**Try it**
All lines from the first line of the material up to and including the line with "case (Suc m)" must be copied exactly, and no others.

--*--

lemma iterated_integral_inequality:
  fixes F :: "nat \<Rightarrow> real \<Rightarrow> real" and U :: "real \<Rightarrow> real"
  assumes U_cont: "continuous_on {t0..t1} U" and U_nonneg: "\<And>s. s \<in> {t0..t1} \<Longrightarrow> 0 \<le> U s"
    and F_cont: "\<And>m. m < k \<Longrightarrow> continuous_on {t0..t1} (F m)"
    and F_0: "\<And>t. t \<in> {t0..t1} \<Longrightarrow> F 0 t \<le> A"
    and F_Suc: "\<And>m t. m < k \<Longrightarrow> t \<in> {t0..t1} \<Longrightarrow>
                  \<epsilon> * F (Suc m) t \<le> \<epsilon> * E + integral {t..t1} (\<lambda>s. U s * F m s)"
    and \<epsilon>: "0 < \<epsilon>" and E: "0 \<le> E" and \<eta>: "integral {t0..t1} U \<le> \<eta>"
  shows "m \<le> k \<Longrightarrow> t \<in> {t0..t1} \<Longrightarrow>
    F m t \<le> E * (\<Sum>j<m. (\<eta> / \<epsilon>) ^ j) + A * (integral {t..t1} U / \<epsilon>) ^ m / fact m"
proof (induction m arbitrary: t)
  case 0
  then show ?case using F_0 by simp
next
  case (Suc m)
  define r where "r = \<eta> / \<epsilon>"
  define \<Sigma> where "\<Sigma> = (\<Sum>j<m. r ^ j)"
  define V where "V s = integral {s..t1} U" for s
  define X where "X = A * (V t / \<epsilon>) ^ Suc m / fact (Suc m)"
  have t: "t \<le> t1" and sub: "{t..t1} \<subseteq> {t0..t1}" using Suc.prems by auto
  have U_cont': "continuous_on {t..t1} U" using continuous_on_subset[OF U_cont sub] .
  have "0 \<le> V t" "V t \<le> integral {t0..t1} U"
    unfolding V_def using sub U_nonneg
    by (auto intro!: integral_nonneg integral_subset_le integrable_continuous_interval
        continuous_on_subset[OF U_cont])
  with \<eta> have V: "0 \<le> V t" "V t \<le> \<eta>" by simp_all
  have \<Sigma>_nonneg: "0 \<le> \<Sigma>"
    unfolding \<Sigma>_def r_def using V \<epsilon> by (intro sum_nonneg) auto
  have "integral {t..t1} (\<lambda>s. U s * F m s)
      \<le> integral {t..t1} (\<lambda>s. U s * (E * \<Sigma> + A * (V s / \<epsilon>) ^ m / fact m))"
  proof (rule integral_le)
    show "(\<lambda>s. U s * F m s) integrable_on {t..t1}"
      using Suc.prems by (intro integrable_continuous_interval continuous_intros U_cont'
          continuous_on_subset[OF F_cont sub]) auto
    show "(\<lambda>s. U s * (E * \<Sigma> + A * (V s / \<epsilon>) ^ m / fact m)) integrable_on {t..t1}"
      unfolding V_def using \<epsilon> by (auto intro!: integrable_continuous_interval continuous_intros U_cont'
          indefinite_integral_continuous_1')
    show "U s * F m s \<le> U s * (E * \<Sigma> + A * (V s / \<epsilon>) ^ m / fact m)" if "s \<in> {t..t1}" for s
      using Suc.IH[of s] Suc.prems that sub U_nonneg unfolding \<Sigma>_def r_def V_def
      by (intro mult_left_mono) auto
  qed
  also have "\<dots> = E * \<Sigma> * V t + \<epsilon> * X"
    unfolding V_def X_def
    using integral_mult_affine_power_tail_integral[OF U_cont' t, of \<epsilon> "E * \<Sigma>" A m] \<epsilon> by simp
  finally have "\<epsilon> * F (Suc m) t \<le> \<epsilon> * (E + E * \<Sigma> * (V t / \<epsilon>) + X)"
    using F_Suc[of m t] Suc.prems \<epsilon> by (simp add: algebra_simps)
  then have "F (Suc m) t \<le> E + E * \<Sigma> * (V t / \<epsilon>) + X"
    using \<epsilon> by simp
  also have "E * \<Sigma> * (V t / \<epsilon>) \<le> E * \<Sigma> * r"
    unfolding r_def using V E \<Sigma>_nonneg \<epsilon> by (intro mult_left_mono divide_right_mono) auto
  moreover have "(\<Sum>j<Suc m. r ^ j) = 1 + r * \<Sigma>"
    unfolding \<Sigma>_def by (simp add: sum.lessThan_Suc_shift sum_distrib_left del: sum.lessThan_Suc)
  ultimately show ?case unfolding r_def V_def X_def by (simp add: algebra_simps)
qed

--*--

**Result**
lemma iterated_integral_inequality:
  fixes F :: "nat \<Rightarrow> real \<Rightarrow> real" and U :: "real \<Rightarrow> real"
  assumes U_cont: "continuous_on {t0..t1} U" and U_nonneg: "\<And>s. s \<in> {t0..t1} \<Longrightarrow> 0 \<le> U s"
    and F_cont: "\<And>m. m < k \<Longrightarrow> continuous_on {t0..t1} (F m)"
    and F_0: "\<And>t. t \<in> {t0..t1} \<Longrightarrow> F 0 t \<le> A"
    and F_Suc: "\<And>m t. m < k \<Longrightarrow> t \<in> {t0..t1} \<Longrightarrow>
                  \<epsilon> * F (Suc m) t \<le> \<epsilon> * E + integral {t..t1} (\<lambda>s. U s * F m s)"
    and \<epsilon>: "0 < \<epsilon>" and E: "0 \<le> E" and \<eta>: "integral {t0..t1} U \<le> \<eta>"
  shows "m \<le> k \<Longrightarrow> t \<in> {t0..t1} \<Longrightarrow>
    F m t \<le> E * (\<Sum>j<m. (\<eta> / \<epsilon>) ^ j) + A * (integral {t..t1} U / \<epsilon>) ^ m / fact m"
proof (induction m arbitrary: t)
  case 0
  then show ?case using F_0 by simp
next
  case (Suc m)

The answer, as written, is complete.